(LISTED RECORDS begins)

(* Let $\psi\in\Gamma_0(\mathbb{R}^n)$ be Legendre, strongly self-concordant on $\operatorname{int}\operatorname{dom}\psi$ with constant $M_\psi>0$, and with $\nabla^2\psi(x)\succ0$ for all $x\in\operatorname{int}\operatorname{dom}\psi$. Let $s\in\operatorname{int}\operatorname{dom}\psi$ and $e\in\mathbb{R}^n$ with $\nabla\psi(s)-e\in\operatorname{int}\operatorname{dom}\psi^*$ and $\sqrt{\langle e,\nabla^2\psi(s)^{-1}e\rangle}<\frac{1}{3M_\psi}$. Then, for $x^+(s):=\nabla\psi^*(\nabla\psi(s)-e)$, $$D_\psi(x^+(s),s)\le2\langle e,\nabla^2\psi(s)^{-1}e\rangle.$$
   Context: $\Gamma_0(\mathbb{R}^n)$: proper lsc convex functions. $\psi$ is Legendre if essentially smooth ($\operatorname{int}\operatorname{dom}\psi\ne\emptyset$, differentiable there, $\|\nabla\psi(z^\nu)\|\to\infty$ whenever $\operatorname{int}\operatorname{dom}\psi\ni z^\nu\to z\in\operatorname{bdry}\operatorname{dom}\psi$) and essentially strictly convex (strictly convex on every convex subset of $\operatorname{dom}\partial\psi$); then $\nabla\psi^*$ is the inverse of $\nabla\psi:\operatorname{int}\operatorname{dom}\psi\to\operatorname{int}\operatorname{dom}\psi^*$. $D_\psi(a,c)=\psi(a)-\psi(c)-\langle\nabla\psi(c),a-c\rangle$ for $a\in\operatorname{dom}\psi$, $c\in\operatorname{int}\operatorname{dom}\psi$. Self-concordance (Nesterov–Nemirovski convention): $h$ is self-concordant with constant $M>0$ on an open set $Q$ if $h\in\mathcal{C}^3(Q)$ and $|D^3h(x)[u,u,u]|\le2M\langle u,\nabla^2h(x)u\rangle^{3/2}$ for all $x\in Q$, $u\in\mathbb{R}^n$; it is strongly self-concordant on $Q$ if moreover all level sets $\{x\in Q:h(x)\le\alpha\}$ are closed in $\mathbb{R}^n$. *)

theory Defs
  imports "HOL-Analysis.Analysis"
begin

definition edom :: "('a::euclidean_space \<Rightarrow> ereal) \<Rightarrow> 'a set" where
  "edom f = {x. f x < \<infinity>}"

definition proper_fun :: "('a::euclidean_space \<Rightarrow> ereal) \<Rightarrow> bool" where
  "proper_fun f \<longleftrightarrow> (\<forall>x. f x \<noteq> -\<infinity>) \<and> (\<exists>x. f x \<noteq> \<infinity>)"

definition lsc_fun :: "('a::euclidean_space \<Rightarrow> ereal) \<Rightarrow> bool" where
  "lsc_fun f \<longleftrightarrow> (\<forall>x. f x \<le> Liminf (at x) f)"

definition convex_efun :: "('a::euclidean_space \<Rightarrow> ereal) \<Rightarrow> bool" where
  "convex_efun f \<longleftrightarrow> convex {(x, t::real). f x \<le> ereal t}"

definition Gamma0 :: "('a::euclidean_space \<Rightarrow> ereal) \<Rightarrow> bool" where
  "Gamma0 f \<longleftrightarrow> proper_fun f \<and> lsc_fun f \<and> convex_efun f"

definition fconj :: "('a::euclidean_space \<Rightarrow> ereal) \<Rightarrow> 'a \<Rightarrow> ereal" where
  "fconj f y = (SUP x. ereal (inner y x) - f x)"

text \<open>Gradient (of the real-valued restriction, meaningful at interior points of the domain).\<close>
definition egrad :: "('a::euclidean_space \<Rightarrow> ereal) \<Rightarrow> 'a \<Rightarrow> 'a" where
  "egrad f x = (SOME g. GDERIV (\<lambda>y. real_of_ereal (f y)) x :> g)"

definition edifferentiable :: "('a::euclidean_space \<Rightarrow> ereal) \<Rightarrow> 'a \<Rightarrow> bool" where
  "edifferentiable f x \<longleftrightarrow> (\<exists>g. GDERIV (\<lambda>y. real_of_ereal (f y)) x :> g)"

definition ehess :: "('a::euclidean_space \<Rightarrow> ereal) \<Rightarrow> 'a \<Rightarrow> ('a \<Rightarrow> 'a)" where
  "ehess f x = (SOME H. (egrad f has_derivative H) (at x))"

(LISTED RECORDS ends)

Each line of the listing has to be repeated exactly in the reply.

* [SOLUTION TO THIS EXERCISE]:
(* Let $\psi\in\Gamma_0(\mathbb{R}^n)$ be Legendre, strongly self-concordant on $\operatorname{int}\operatorname{dom}\psi$ with constant $M_\psi>0$, and with $\nabla^2\psi(x)\succ0$ for all $x\in\operatorname{int}\operatorname{dom}\psi$. Let $s\in\operatorname{int}\operatorname{dom}\psi$ and $e\in\mathbb{R}^n$ with $\nabla\psi(s)-e\in\operatorname{int}\operatorname{dom}\psi^*$ and $\sqrt{\langle e,\nabla^2\psi(s)^{-1}e\rangle}<\frac{1}{3M_\psi}$. Then, for $x^+(s):=\nabla\psi^*(\nabla\psi(s)-e)$, $$D_\psi(x^+(s),s)\le2\langle e,\nabla^2\psi(s)^{-1}e\rangle.$$
   Context: $\Gamma_0(\mathbb{R}^n)$: proper lsc convex functions. $\psi$ is Legendre if essentially smooth ($\operatorname{int}\operatorname{dom}\psi\ne\emptyset$, differentiable there, $\|\nabla\psi(z^\nu)\|\to\infty$ whenever $\operatorname{int}\operatorname{dom}\psi\ni z^\nu\to z\in\operatorname{bdry}\operatorname{dom}\psi$) and essentially strictly convex (strictly convex on every convex subset of $\operatorname{dom}\partial\psi$); then $\nabla\psi^*$ is the inverse of $\nabla\psi:\operatorname{int}\operatorname{dom}\psi\to\operatorname{int}\operatorname{dom}\psi^*$. $D_\psi(a,c)=\psi(a)-\psi(c)-\langle\nabla\psi(c),a-c\rangle$ for $a\in\operatorname{dom}\psi$, $c\in\operatorname{int}\operatorname{dom}\psi$. Self-concordance (Nesterov–Nemirovski convention): $h$ is self-concordant with constant $M>0$ on an open set $Q$ if $h\in\mathcal{C}^3(Q)$ and $|D^3h(x)[u,u,u]|\le2M\langle u,\nabla^2h(x)u\rangle^{3/2}$ for all $x\in Q$, $u\in\mathbb{R}^n$; it is strongly self-concordant on $Q$ if moreover all level sets $\{x\in Q:h(x)\le\alpha\}$ are closed in $\mathbb{R}^n$. *)

theory Defs
  imports "HOL-Analysis.Analysis"
begin

definition edom :: "('a::euclidean_space \<Rightarrow> ereal) \<Rightarrow> 'a set" where
  "edom f = {x. f x < \<infinity>}"

definition proper_fun :: "('a::euclidean_space \<Rightarrow> ereal) \<Rightarrow> bool" where
  "proper_fun f \<longleftrightarrow> (\<forall>x. f x \<noteq> -\<infinity>) \<and> (\<exists>x. f x \<noteq> \<infinity>)"

definition lsc_fun :: "('a::euclidean_space \<Rightarrow> ereal) \<Rightarrow> bool" where
  "lsc_fun f \<longleftrightarrow> (\<forall>x. f x \<le> Liminf (at x) f)"

definition convex_efun :: "('a::euclidean_space \<Rightarrow> ereal) \<Rightarrow> bool" where
  "convex_efun f \<longleftrightarrow> convex {(x, t::real). f x \<le> ereal t}"

definition Gamma0 :: "('a::euclidean_space \<Rightarrow> ereal) \<Rightarrow> bool" where
  "Gamma0 f \<longleftrightarrow> proper_fun f \<and> lsc_fun f \<and> convex_efun f"

definition fconj :: "('a::euclidean_space \<Rightarrow> ereal) \<Rightarrow> 'a \<Rightarrow> ereal" where
  "fconj f y = (SUP x. ereal (inner y x) - f x)"

text \<open>Gradient (of the real-valued restriction, meaningful at interior points of the domain).\<close>
definition egrad :: "('a::euclidean_space \<Rightarrow> ereal) \<Rightarrow> 'a \<Rightarrow> 'a" where
  "egrad f x = (SOME g. GDERIV (\<lambda>y. real_of_ereal (f y)) x :> g)"

definition edifferentiable :: "('a::euclidean_space \<Rightarrow> ereal) \<Rightarrow> 'a \<Rightarrow> bool" where
  "edifferentiable f x \<longleftrightarrow> (\<exists>g. GDERIV (\<lambda>y. real_of_ereal (f y)) x :> g)"

definition ehess :: "('a::euclidean_space \<Rightarrow> ereal) \<Rightarrow> 'a \<Rightarrow> ('a \<Rightarrow> 'a)" where
  "ehess f x = (SOME H. (egrad f has_derivative H) (at x))"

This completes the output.